The challenge that Soukoulis and other scientists face who work with metamaterials is to fabricate them so that they refract light negatively at ever smaller wavelengths, with the ultimate goal of making a metamaterial that refracts light at visible wavelengths and achieving the much-sought-after superlens.

Admittedly, that goal is a ways off. To date, existing metamaterials operate in the microwave or far infrared regions of the electromagnetic spectrum. The near infrared region of the spectrum still lies between the microwave and visible regions, and the wavelengths become ever shorter moving along the electromagnetic spectrum to visible light.

Correspondingly, to negatively refract light at these shorter wavelengths requires fabricating metamaterials at extremely small length scales - a tricky feat.

However, recent research by Soukoulis and his co-workers from the University of Karlsruhe, Germany, published in the May 12, 2006, issue of Science demonstrates they have done just that. "We have fabricated for the first time a metamaterial that has a negative index of refraction at 1.5 micrometers," said Soukoulis.

"This is the smallest wavelength obtained so far." Small, indeed; these wavelengths are microscopic and can be used in telecommunications. Soukoulis' success moves metamaterials into the near infrared region of the electromagnetic spectrum - very close to visible light, superior resolution and a wealth of potential applications!

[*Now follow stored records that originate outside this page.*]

lemma pvar_le_of_sum_abs_diff_le:
  assumes "1 \<le> \<rho>"
    and "\<And>n t. (\<And>i. i \<le> n \<Longrightarrow> t i \<in> I) \<Longrightarrow> (\<And>i. i < n \<Longrightarrow> t i < t (Suc i)) \<Longrightarrow>
      (\<Sum>i=1..n. \<bar>\<phi> (t i) - \<phi> (t (i - 1))\<bar>) \<le> B"
  shows "pvar \<rho> I \<phi> \<le> ereal B"
  unfolding pvar_def
proof (rule SUP_least)
  fix p assume "p \<in> {(n, t). (\<forall>i\<le>n. t i \<in> I) \<and> (\<forall>i<n. t i < t (Suc i))}"
  then obtain n t where p: "p = (n, t)" and "\<And>i. i \<le> n \<Longrightarrow> t i \<in> I" "\<And>i. i < n \<Longrightarrow> t i < t (Suc i)"
    by auto
  then have "(\<Sum>i=1..n. \<bar>\<phi> (t i) - \<phi> (t (i - 1))\<bar>) \<le> B" using assms(2) by blast
  moreover have "(\<Sum>i=1..n. \<bar>\<phi> (t i) - \<phi> (t (i - 1))\<bar> powr \<rho>) powr (1 / \<rho>)
      \<le> (\<Sum>i=1..n. \<bar>\<phi> (t i) - \<phi> (t (i - 1))\<bar>)"
    by (rule sum_powr_root_le_sum) (use \<open>1 \<le> \<rho>\<close> in auto)
  ultimately show "ereal ((\<Sum>i\<in>{1..fst p}. \<bar>\<phi> (snd p i) - \<phi> (snd p (i - 1))\<bar> powr \<rho>) powr (1 / \<rho>))
      \<le> ereal B"
    by (simp add: p)
qed

lemma min_le_of_mult_le_square:
  fixes a b c :: real
  assumes "0 \<le> c" "a * b \<le> c^2"
  shows "min a b \<le> c"
proof (rule ccontr)
  assume "\<not> min a b \<le> c"
  then have "c * c < a * b" using \<open>0 \<le> c\<close> by (intro mult_strict_mono) auto
  with \<open>a * b \<le> c^2\<close> show False by (simp add: power2_eq_square)
qed

lemma abs_min_abs_diff_le:
  "\<bar>min \<bar>a - b\<bar> c - min \<bar>a' - b'\<bar> (c'::real)\<bar> \<le> \<bar>a - a'\<bar> + \<bar>b - b'\<bar> + \<bar>c - c'\<bar>"
  by (simp add: min_def abs_if)

lemma sum_abs_diff_min_abs_diff_le:
  fixes v q w :: "nat \<Rightarrow> real"
  assumes "\<And>i. 1 \<le> i \<Longrightarrow> i \<le> n \<Longrightarrow> v (i - 1) \<le> v i \<and> q (i - 1) \<le> q i \<and> w i \<le> w (i - 1)"
  shows "(\<Sum>i=1..n. \<bar>min \<bar>v i - q i\<bar> (w i) - min \<bar>v (i - 1) - q (i - 1)\<bar> (w (i - 1))\<bar>)
    \<le> (v n - v 0) + (q n - q 0) + (w 0 - w n)"
proof -
  have "(\<Sum>i=1..n. \<bar>min \<bar>v i - q i\<bar> (w i) - min \<bar>v (i - 1) - q (i - 1)\<bar> (w (i - 1))\<bar>)
      \<le> (\<Sum>i=1..n. (v i - v (i - 1)) + (q i - q (i - 1)) - (w i - w (i - 1)))"
  proof (rule sum_mono)
    fix i assume "i \<in> {1..n}"
    then show "\<bar>min \<bar>v i - q i\<bar> (w i) - min \<bar>v (i - 1) - q (i - 1)\<bar> (w (i - 1))\<bar>
      \<le> (v i - v (i - 1)) + (q i - q (i - 1)) - (w i - w (i - 1))"
      using abs_min_abs_diff_le[of "v i" "q i" "w i" "v (i - 1)" "q (i - 1)" "w (i - 1)"] assms[of i] by auto
  qed
  also have "\<dots> = (v n - v 0) + (q n - q 0) + (w 0 - w n)"
    using sum_telescope''[of 0 n v] sum_telescope''[of 0 n q] sum_telescope''[of 0 n w]
    by (simp add: sum.distrib sum_subtractf)
  finally show ?thesis .
qed

lemma pvar_min_abs_diff_le_of_bounded:
  fixes v q w :: "real \<Rightarrow> real"
  assumes "1 \<le> \<rho>" and mono: "mono_on I v" "mono_on I q" "antimono_on I w"
    and \<phi>: "\<And>t. t \<in> I \<Longrightarrow> \<phi> t = min \<bar>v t - q t\<bar> (w t)"
    and bounds: "\<And>t. t \<in> I \<Longrightarrow> v t \<in> {0..a} \<and> q t \<in> {0..b} \<and> w t \<in> {0..c}"
  shows "pvar \<rho> I \<phi> \<le> ereal (a + b + c)"
proof (rule pvar_le_of_sum_abs_diff_le[OF \<open>1 \<le> \<rho>\<close>])
  fix n and t :: "nat \<Rightarrow> real"
  assume tI: "\<And>i. i \<le> n \<Longrightarrow> t i \<in> I" and increasing: "\<And>i. i < n \<Longrightarrow> t i < t (Suc i)"
  have "(\<Sum>i=1..n. \<bar>\<phi> (t i) - \<phi> (t (i - 1))\<bar>)
      = (\<Sum>i=1..n. \<bar>min \<bar>v (t i) - q (t i)\<bar> (w (t i))
                     - min \<bar>v (t (i - 1)) - q (t (i - 1))\<bar> (w (t (i - 1)))\<bar>)"
  proof (rule sum.cong)
    fix i assume "i \<in> {1..n}"
    then have "t i \<in> I" "t (i - 1) \<in> I" using tI by auto
    then show "\<bar>\<phi> (t i) - \<phi> (t (i - 1))\<bar> = \<bar>min \<bar>v (t i) - q (t i)\<bar> (w (t i))
                     - min \<bar>v (t (i - 1)) - q (t (i - 1))\<bar> (w (t (i - 1)))\<bar>"
      by (simp add: \<phi>)
  qed simp
  also have "\<dots> \<le> (v (t n) - v (t 0)) + (q (t n) - q (t 0)) + (w (t 0) - w (t n))"
  proof (rule sum_abs_diff_min_abs_diff_le[where v="\<lambda>i. v (t i)" and q="\<lambda>i. q (t i)" and w="\<lambda>i. w (t i)"])
    fix i :: nat assume i: "1 \<le> i" "i \<le> n"
    then have "t (i - 1) \<le> t i" using increasing[of "i - 1"] by fastforce
    moreover have "t (i - 1) \<in> I" "t i \<in> I" using tI i by auto
    ultimately show "v (t (i - 1)) \<le> v (t i) \<and> q (t (i - 1)) \<le> q (t i) \<and> w (t i) \<le> w (t (i - 1))"
      using mono by (auto dest: monotone_onD)
  qed
  also have "\<dots> \<le> a + b + c"
    using bounds[OF tI[of n]] bounds[OF tI[of 0]] by auto
  finally show "(\<Sum>i=1..n. \<bar>\<phi> (t i) - \<phi> (t (i - 1))\<bar>) \<le> a + b + c" .
qed

lemma pvar_min_abs_diff_le:
  fixes v q w :: "real \<Rightarrow> real"
  assumes "1 \<le> \<rho>" and mono: "mono_on I v" "mono_on I q" "antimono_on I w"
    and \<phi>: "\<And>t. t \<in> I \<Longrightarrow> \<phi> t = min \<bar>v t - q t\<bar> (w t)"
    and bounds: "\<And>t. t \<in> I \<Longrightarrow> 0 \<le> v t \<and> 0 \<le> q t \<and> q t \<le> M \<and> 0 \<le> w t \<and> \<phi> t \<le> M"
  shows "pvar \<rho> I \<phi> \<le> ereal (4 * M)"
proof -
  \<comment> \<open>Truncating \<open>v\<close> at \<open>q + M\<close> and \<open>w\<close> at \<open>M\<close> leaves \<open>\<phi> \<le> M\<close> unchanged.\<close>
  have "pvar \<rho> I \<phi> \<le> ereal (2 * M + M + M)"
  proof (rule pvar_min_abs_diff_le_of_bounded[where v="\<lambda>t. min (v t) (q t + M)" and q=q
        and w="\<lambda>t. min (w t) M"])
    show "mono_on I (\<lambda>t. min (v t) (q t + M))" "antimono_on I (\<lambda>t. min (w t) M)"
      using mono by (auto intro!: monotone_onI min.mono dest: monotone_onD)
    fix t assume "t \<in> I"
    then show "\<phi> t = min \<bar>min (v t) (q t + M) - q t\<bar> (min (w t) M)"
      "min (v t) (q t + M) \<in> {0..2 * M} \<and> q t \<in> {0..M} \<and> min (w t) M \<in> {0..M}"
      using \<phi>[OF \<open>t \<in> I\<close>] bounds[OF \<open>t \<in> I\<close>] by (auto simp: min_def abs_if)
  qed (use assms in auto)
  then show ?thesis by simp
qed

definition drift_ratio :: "real \<Rightarrow> real \<Rightarrow> real" where
  "drift_ratio x t = x * (exp t - 1) / sqrt (1 - exp (-2*t))"

definition cap_ratio :: "real \<Rightarrow> real \<Rightarrow> real \<Rightarrow> real" where
  "cap_ratio x \<sigma> t = \<sigma> / (1 + x) / sqrt (1 - exp (-2*t))"

lemma sqrt_exp_double_minus_one:
  "sqrt (exp (2*t) - 1) = exp t * sqrt (1 - exp (-2*t))"
proof -
  have "exp (2*t) - 1 = (exp t)^2 * (1 - exp (-2*t))"
    by (simp add: algebra_simps exp_double[symmetric] exp_add[symmetric])
  then show ?thesis by (simp add: real_sqrt_mult)
qed

lemma exp_minus_one_div_sqrt:
  assumes "0 \<le> t"
  shows "(exp t - 1) / sqrt (1 - exp (-2*t)) = exp t * sqrt ((exp t - 1) / (exp t + 1))"
proof -
  define y where "y = exp t"
  have "1 \<le> y" using assms by (simp add: y_def)
  have "exp (-2*t) = inverse (y^2)"
    by (metis exp_double exp_minus minus_mult_left y_def)
  then have "1 - exp (-2*t) = (y - 1) * (y + 1) / y^2"
    using \<open>1 \<le> y\<close> by (simp add: field_simps power2_eq_square)
  define a where "a = sqrt (y - 1)"
  define b where "b = sqrt (y + 1)"
  have "0 < y" "0 < b" "y - 1 = a * a" using \<open>1 \<le> y\<close> by (simp_all add: a_def b_def)
  have sqrt_eq: "sqrt (1 - exp (-2*t)) = a * b / y"
    unfolding \<open>1 - exp (-2*t) = _\<close> using \<open>1 \<le> y\<close>
    by (simp add: a_def b_def real_sqrt_mult real_sqrt_divide)
  have "(y - 1) / sqrt (1 - exp (-2*t)) = y * (a / b)"
    unfolding sqrt_eq \<open>y - 1 = a * a\<close> using \<open>0 < y\<close> \<open>0 < b\<close> by (cases "a = 0") (simp_all add: field_simps)
  then show ?thesis by (simp add: y_def a_def b_def real_sqrt_divide)
qed

lemma mono_on_drift_ratio:
  assumes "0 \<le> x"
  shows "mono_on {0..} (drift_ratio x)"
proof (rule mono_onI)
  fix t1 t2 :: real assume "t1 \<in> {0..}" "t2 \<in> {0..}" "t1 \<le> t2"
  define y1 y2 where "y1 = exp t1" and "y2 = exp t2"
  have "1 \<le> y1" "y1 \<le> y2" using \<open>t1 \<in> {0..}\<close> \<open>t1 \<le> t2\<close> by (simp_all add: y1_def y2_def)
  then have "(y1 - 1) / (y1 + 1) \<le> (y2 - 1) / (y2 + 1)"
    by (simp add: divide_simps algebra_simps)
  then have "y1 * sqrt ((y1 - 1) / (y1 + 1)) \<le> y2 * sqrt ((y2 - 1) / (y2 + 1))"
    using \<open>1 \<le> y1\<close> \<open>y1 \<le> y2\<close> by (intro mult_mono) auto
  moreover have "drift_ratio x t = x * (exp t * sqrt ((exp t - 1) / (exp t + 1)))" if "0 \<le> t" for t
    using exp_minus_one_div_sqrt[OF that] unfolding drift_ratio_def by (metis times_divide_eq_right)
  ultimately show "drift_ratio x t1 \<le> drift_ratio x t2"
    using \<open>t1 \<in> {0..}\<close> \<open>t2 \<in> {0..}\<close> assms by (simp add: y1_def y2_def mult_left_mono)
qed

lemma antimono_on_cap_ratio:
  assumes "0 \<le> x" "0 \<le> \<sigma>"
  shows "antimono_on {0<..} (cap_ratio x \<sigma>)"
  using assms by (intro monotone_onI) (auto simp: cap_ratio_def intro!: divide_left_mono)

lemma exp_le_three: "t \<le> 1 \<Longrightarrow> exp t \<le> (3::real)"
  using exp_le order_trans[of "exp t" "exp 1" 3] by simp

lemma drift_ratio_mult_cap_ratio_le:
  assumes "0 \<le> x" "0 \<le> \<sigma>" "\<sigma> \<le> 1" "0 < t" "t \<le> 1"
  shows "drift_ratio x t * cap_ratio x \<sigma> t \<le> 3"
proof -
  define y where "y = exp t"
  define g where "g = sqrt (1 - exp (-2*t))"
  have "1 < y" "y \<le> 3" using assms exp_le_three[OF \<open>t \<le> 1\<close>] by (simp_all add: y_def)
  have "exp (-2*t) = inverse (y^2)"
    by (metis exp_double exp_minus minus_mult_left y_def)
  then have g_square: "g * g = (y - 1) * (y + 1) / y^2"
    using assms \<open>1 < y\<close> by (simp add: g_def field_simps power2_eq_square)
  have "drift_ratio x t * cap_ratio x \<sigma> t = x * \<sigma> / (1 + x) * ((y - 1) / (g * g))"
    unfolding drift_ratio_def cap_ratio_def g_def[symmetric] y_def[symmetric] by (simp add: mult_ac)
  also have "(y - 1) / (g * g) = y^2 / (y + 1)"
    unfolding g_square using \<open>1 < y\<close> less_1_mult[of y y] by (simp add: field_simps power2_eq_square)
  also have "x * \<sigma> / (1 + x) * (y^2 / (y + 1)) \<le> 1 * 3"
  proof (rule mult_mono)
    show "x * \<sigma> / (1 + x) \<le> 1" using assms mult_left_le_one_le[of x \<sigma>] by (simp add: field_simps)
    have "y * y \<le> 3 * y" using \<open>1 < y\<close> \<open>y \<le> 3\<close> by (intro mult_right_mono) auto
    then have "y^2 \<le> 3 * (y + 1)" by (simp add: power2_eq_square)
    then show "y^2 / (y + 1) \<le> 3" using \<open>1 < y\<close> by (simp add: pos_divide_le_eq)
  qed (use \<open>1 < y\<close> in auto)
  finally show ?thesis by simp
qed

lemma drift_ratio_nonneg: "0 \<le> x \<Longrightarrow> 0 \<le> t \<Longrightarrow> 0 \<le> drift_ratio x t"
  by (simp add: drift_ratio_def)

In addition, Soukoulis and his University of Karlsruhe colleagues have also shown that both the velocity of the individual wavelengths, called phase velocity, and the velocity of the wave packets, called group velocity, are both negative, which Soukoulis said accounts for the ability of negatively refracted light to seemingly defy Einstein's theory of relativity and move backwards faster than the speed of light.

Elaborating, Soukoulis said, "When we have a metamaterial with a negative index of refraction at 1.5 micrometers that can disperse, or separate a wave into spectral components with different wavelengths, we can tune our lasers to play a lot of games with light. We can have a wavepacket hit a slab of negative index material, appear on the right-hand side of the material and begin to flow backward before the original pulse enters the negative index medium."

Continuing, he explained that the pulse flowing backward also releases a forward pulse out the end of the medium, a situation that causes the pulse entering the front of the material appear to move out the back almost instantly.

"In this way, one can argue that that the wave packet travels with velocities much higher than the velocities of light," said Soukoulis. "This is due to the dispersion of the negative index of refraction; there is nothing wrong with Einstein's theory of relativity." (These effects are clearly seen in the simulations that accompany this press release. Go to: Light Movies)

The Basic Energy Sciences Office of the DOE's Office of Science funds Ames Laboratory's research on metamaterials. Ames Laboratory is operated for the Department of Energy by Iowa State University. The Lab conducts research into various areas of national concern, including energy resources, high-speed computer design, environmental cleanup and restoration, and the synthesis and study of new materials.